--- What to produce ---
Produce an exact copy of the first line of the data below and each line after it, please, up to and including the one with "by (auto simp: trunc_def".

[Saved entries]
lemma prob_iid_sum_no_big_jump:
  assumes "finite A" "0 \<le> h"
  shows "measure_pmf.prob (iid A) {f. (\<Sum>a\<in>A. f a) = k \<and> (\<forall>a\<in>A. \<bar>real_of_int (f a)\<bar> \<le> L)} \<le>
         exp (- h * real_of_int k) * mgf_trunc h L ^ card A"
proof -
  let ?S = "{f. (\<Sum>a\<in>A. f a) = k \<and> (\<forall>a\<in>A. \<bar>real_of_int (f a)\<bar> \<le> L)}"
  let ?G = "\<lambda>f. exp (- h * real_of_int k) * exp (h * (\<Sum>a\<in>A. trunc L (f a)))"
  have "measure_pmf.prob (iid A) ?S = measure_pmf.expectation (iid A) (indicator ?S)" by simp
  also have "\<dots> \<le> measure_pmf.expectation (iid A) ?G"
  proof (intro Bochner_Integration.integral_mono integrable_indicator_pmf)
    show "integrable (measure_pmf (iid A)) ?G"
      by (intro integrable_sum_trunc_fun continuous_intros)
    fix f
    show "indicator ?S f \<le> ?G f"
    proof (cases "f \<in> ?S")
      case True
      then have "(\<Sum>a\<in>A. trunc L (f a)) = real_of_int k"
        by (auto simp: trunc_def intro!: sum.cong)
      then show ?thesis using True by (simp add: exp_add[symmetric])
    qed simp
  qed
  also have "\<dots> = exp (- h * real_of_int k) * mgf_trunc h L ^ card A"
    by (simp add: expectation_iid_exp_sum_trunc assms)
  finally show ?thesis .
qed

lemma expectation_iid_sum_trunc_sq:
  assumes "finite A"
  shows "measure_pmf.expectation (iid A) (\<lambda>f. (\<Sum>a\<in>A. trunc L (f a))^2) = real (card A) * trunc_var L"
  using assms
proof (induction rule: finite_induct)
  case empty
  then show ?case by (simp add: iid_def)
next
  case (insert a A)
  have int_trunc: "integrable (measure_pmf p) (trunc L)"
    using integrable_trunc_fun[of L "\<lambda>t. t" p "\<lambda>y. y"] by simp
  have int_sq: "integrable (measure_pmf p) (\<lambda>y. (trunc L y)^2)"
    by (intro integrable_trunc_fun continuous_intros)
  have "measure_pmf.expectation (iid (insert a A)) (\<lambda>f. (\<Sum>b\<in>insert a A. trunc L (f b))^2) =
        measure_pmf.expectation (iid A)
          (\<lambda>g. measure_pmf.expectation p (\<lambda>y. (\<Sum>b\<in>insert a A. trunc L ((g(a:=y)) b))^2))"
    unfolding iid_def
  proof (rule expectation_Pi_pmf_insert[where B="(real (card (insert a A)) * max 0 L)^2", OF insert(1,2)])
    show "(\<Sum>b\<in>insert a A. trunc L (z b))^2 \<le> (real (card (insert a A)) * max 0 L)^2" for z
      using abs_sum_trunc_le[of L z "insert a A"] by (simp add: abs_le_square_iff[symmetric])
  qed simp
  also have "\<dots> = measure_pmf.expectation (iid A) (\<lambda>g. trunc_var L + (\<Sum>b\<in>A. trunc L (g b))^2)"
  proof (intro Bochner_Integration.integral_cong refl)
    fix g
    let ?c = "(\<Sum>b\<in>A. trunc L (g b))"
    have "(\<Sum>b\<in>insert a A. trunc L ((g(a:=y)) b)) = trunc L y + ?c" for y
      by (rule sum_fun_upd_insert[OF insert(1,2)])
    then have "measure_pmf.expectation p (\<lambda>y. (\<Sum>b\<in>insert a A. trunc L ((g(a:=y)) b))^2) =
               measure_pmf.expectation p (\<lambda>y. (trunc L y)^2 + 2 * ?c * trunc L y + ?c^2)"
      by (simp add: power2_sum algebra_simps)
    also have "\<dots> = trunc_var L + ?c^2"
      using int_trunc int_sq by (simp add: trunc_var_def expectation_trunc)
    finally show "measure_pmf.expectation p (\<lambda>y. (\<Sum>b\<in>insert a A. trunc L ((g(a:=y)) b))^2) =
                  trunc_var L + ?c^2" .
  qed
  also have "\<dots> = trunc_var L + measure_pmf.expectation (iid A) (\<lambda>g. (\<Sum>b\<in>A. trunc L (g b))^2)"
    by (subst Bochner_Integration.integral_add) (auto intro!: integrable_sum_trunc_fun continuous_intros)
  also have "\<dots> = trunc_var L + real (card A) * trunc_var L"
    using insert.IH by simp
  also have "\<dots> = real (card (insert a A)) * trunc_var L"
    using insert by (simp add: algebra_simps)
  finally show ?case .
qed

lemma expectation_iid_abs_sum_trunc:
  assumes "finite A" "0 < s"
  shows "measure_pmf.expectation (iid A) (\<lambda>f. \<bar>\<Sum>a\<in>A. trunc L (f a)\<bar>) \<le> (real (card A) * trunc_var L / s + s) / 2"
proof -
  have AM_GM: "\<bar>x\<bar> \<le> (x^2 / s + s) / 2" for x :: real
  proof -
    have "0 \<le> (\<bar>x\<bar> - s)^2" by simp
    then have "2 * \<bar>x\<bar> * s \<le> x^2 + s^2" by (simp add: power2_diff algebra_simps)
    then show ?thesis using assms by (simp add: field_simps power2_eq_square)
  qed
  have int_sq: "integrable (measure_pmf (iid A)) (\<lambda>f. (\<Sum>a\<in>A. trunc L (f a))^2)"
    by (intro integrable_sum_trunc_fun continuous_intros)
  have "measure_pmf.expectation (iid A) (\<lambda>f. \<bar>\<Sum>a\<in>A. trunc L (f a)\<bar>) \<le>
        measure_pmf.expectation (iid A) (\<lambda>f. ((\<Sum>a\<in>A. trunc L (f a))^2 / s + s) / 2)"
    by (intro Bochner_Integration.integral_mono AM_GM integrable_sum_trunc_fun continuous_intros)
       (use int_sq assms in auto)
  also have "\<dots> = (real (card A) * trunc_var L / s + s) / 2"
    using int_sq assms by (simp add: expectation_iid_sum_trunc_sq)
  finally show ?thesis .
qed

lemma expectation_iid_count_big:
  assumes "finite A"
  shows "measure_pmf.expectation (iid A) (\<lambda>f. \<Sum>a\<in>A. indicator (beyond L) (f a)) = real (card A) * tail L"
proof -
  have "measure_pmf.expectation (iid A) (\<lambda>f. indicator (beyond L) (f a)) = tail L" if "a \<in> A" for a
  proof -
    have "measure_pmf.expectation (iid A) (\<lambda>f. indicator (beyond L) (f a)) =
          measure_pmf.expectation (iid A) (indicator {f. f a \<in> beyond L})"
      by (intro Bochner_Integration.integral_cong) (auto simp: indicator_def)
    also have "\<dots> = measure_pmf.prob (iid A) {f. f a \<in> beyond L}"
      by simp
    also have "\<dots> = tail L"
      using prob_iid_component[OF assms that, of "beyond L"] by (simp add: tail_def)
    finally show ?thesis .
  qed
  moreover have "measure_pmf.expectation (iid A) (\<lambda>f. \<Sum>a\<in>A. indicator (beyond L) (f a) :: real) =
        (\<Sum>a\<in>A. measure_pmf.expectation (iid A) (\<lambda>f. indicator (beyond L) (f a)))"
    by (intro Bochner_Integration.integral_sum measure_pmf.integrable_const_bound[where B=1] AE_I2) auto
  ultimately show ?thesis by simp
qed

text \<open>The probability that the sum is \<open>k\<close> given the other summands equal \<open>r\<close> in total, with the
  remaining summand big.\<close>
definition big_jump_pmf :: "int \<Rightarrow> real \<Rightarrow> int \<Rightarrow> real" where
  "big_jump_pmf k L r = (if L < \<bar>real_of_int (k - r)\<bar> then pmf p (k - r) else 0)"

lemma big_jump_pmf_nonneg: "0 \<le> big_jump_pmf k L r"
  by (simp add: big_jump_pmf_def)

lemma big_jump_pmf_le: "0 < L \<Longrightarrow> big_jump_pmf k L r \<le> pmf_bound L"
  by (auto simp: big_jump_pmf_def pmf_bound_nonneg intro: pmf_le_pmf_bound)

lemma prob_iid_sum_one_big_jump:
  assumes "finite A" "a \<notin> A"
  shows "measure_pmf.prob (iid (insert a A)) {f. (\<Sum>b\<in>insert a A. f b) = k \<and> f a \<in> beyond L} =
         measure_pmf.expectation (iid A) (\<lambda>g. big_jump_pmf k L (\<Sum>b\<in>A. g b))"
  unfolding iid_def prob_Pi_pmf_insert[OF assms]
proof (intro Bochner_Integration.integral_cong refl)
  fix g :: "'a \<Rightarrow> int"
  have "(\<Sum>b\<in>insert a A. (g(a:=y)) b) = y + (\<Sum>b\<in>A. g b)" for y
    using sum_fun_upd_insert[OF assms, of "\<lambda>x. x"] by simp
  then have "{y. g(a:=y) \<in> {f. (\<Sum>b\<in>insert a A. f b) = k \<and> f a \<in> beyond L}} =
             (if L < \<bar>real_of_int (k - (\<Sum>b\<in>A. g b))\<bar> then {k - (\<Sum>b\<in>A. g b)} else {})"
    by auto
  then show "measure_pmf.prob p {y. g(a:=y) \<in> {f. (\<Sum>b\<in>insert a A. f b) = k \<and> f a \<in> beyond L}} =
             big_jump_pmf k L (\<Sum>b\<in>A. g b)"
    by (simp add: big_jump_pmf_def measure_pmf_single)
qed

lemma prob_iid_sum_two_big_jumps:
  assumes "finite A" "a \<in> A" "b \<in> A" "a \<noteq> b" "0 < L"
  shows "measure_pmf.prob (iid A) {f. (\<Sum>c\<in>A. f c) = k \<and> f a \<in> beyond L \<and> f b \<in> beyond L}
         \<le> pmf_bound L * tail L"
proof -
  obtain B where A: "A = insert b B" and b: "b \<notin> B"
    using mk_disjoint_insert[OF assms(3)] by blast
  have B: "finite B" "a \<in> B" using assms A by auto
  let ?S = "{f. (\<Sum>c\<in>A. f c) = k \<and> f a \<in> beyond L \<and> f b \<in> beyond L}"
  have "measure_pmf.prob (iid A) ?S =
        measure_pmf.expectation (iid B) (\<lambda>g. measure_pmf.prob p {y. g(b:=y) \<in> ?S})"
    unfolding iid_def A by (rule prob_Pi_pmf_insert[OF B(1) b])
  also have "\<dots> \<le> measure_pmf.expectation (iid B) (\<lambda>g. pmf_bound L * indicator (beyond L) (g a))"
  proof (intro Bochner_Integration.integral_mono)
    show "integrable (measure_pmf (iid B)) (\<lambda>g. measure_pmf.prob p {y. g(b:=y) \<in> ?S})"
      by (intro measure_pmf.integrable_const_bound[where B=1] AE_I2) auto
    show "integrable (measure_pmf (iid B)) (\<lambda>g. pmf_bound L * indicator (beyond L) (g a))"
      by (intro measure_pmf.integrable_const_bound[where B="\<bar>pmf_bound L\<bar>"] AE_I2) (auto simp: indicator_def)
    fix g :: "'a \<Rightarrow> int"
    have "(\<Sum>c\<in>A. (g(b:=y)) c) = y + (\<Sum>c\<in>B. g c)" for y
      using sum_fun_upd_insert[OF B(1) b, of "\<lambda>x. x"] A by simp
    then have "{y. g(b:=y) \<in> ?S} =
        (if g a \<in> beyond L \<and> k - (\<Sum>c\<in>B. g c) \<in> beyond L then {k - (\<Sum>c\<in>B. g c)} else {})"
      using assms(4) by auto
    then show "measure_pmf.prob p {y. g(b:=y) \<in> ?S} \<le> pmf_bound L * indicator (beyond L) (g a)"
      using assms(5) by (auto simp: measure_pmf_single pmf_le_pmf_bound pmf_bound_nonneg)
  qed
  also have "\<dots> = pmf_bound L * measure_pmf.expectation (iid B) (indicator {g. g a \<in> beyond L})"
    by (subst Bochner_Integration.integral_mult_right_zero[symmetric], intro Bochner_Integration.integral_cong)
       (auto simp: indicator_def)
  also have "\<dots> = pmf_bound L * tail L"
    using prob_iid_component[OF B, of "beyond L"] by (simp add: tail_def)
  finally show ?thesis .
qed

definition smooth_const :: "int \<Rightarrow> real \<Rightarrow> real" where
  "smooth_const k L = (1+\<alpha>) * 2 powr (2+\<alpha>) + 2 + 2 * (real_of_int k / L) powr (1+\<alpha>)"

lemma smooth_const_nonneg: "0 \<le> smooth_const k L"
  unfolding smooth_const_def using alpha_gt_1 by (intro add_nonneg_nonneg) auto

--- Solution to this exercise ---
lemma prob_iid_sum_no_big_jump:
  assumes "finite A" "0 \<le> h"
  shows "measure_pmf.prob (iid A) {f. (\<Sum>a\<in>A. f a) = k \<and> (\<forall>a\<in>A. \<bar>real_of_int (f a)\<bar> \<le> L)} \<le>
         exp (- h * real_of_int k) * mgf_trunc h L ^ card A"
proof -
  let ?S = "{f. (\<Sum>a\<in>A. f a) = k \<and> (\<forall>a\<in>A. \<bar>real_of_int (f a)\<bar> \<le> L)}"
  let ?G = "\<lambda>f. exp (- h * real_of_int k) * exp (h * (\<Sum>a\<in>A. trunc L (f a)))"
  have "measure_pmf.prob (iid A) ?S = measure_pmf.expectation (iid A) (indicator ?S)" by simp
  also have "\<dots> \<le> measure_pmf.expectation (iid A) ?G"
  proof (intro Bochner_Integration.integral_mono integrable_indicator_pmf)
    show "integrable (measure_pmf (iid A)) ?G"
      by (intro integrable_sum_trunc_fun continuous_intros)
    fix f
    show "indicator ?S f \<le> ?G f"
    proof (cases "f \<in> ?S")
      case True
      then have "(\<Sum>a\<in>A. trunc L (f a)) = real_of_int k"
        by (auto simp: trunc_def intro!: sum.cong)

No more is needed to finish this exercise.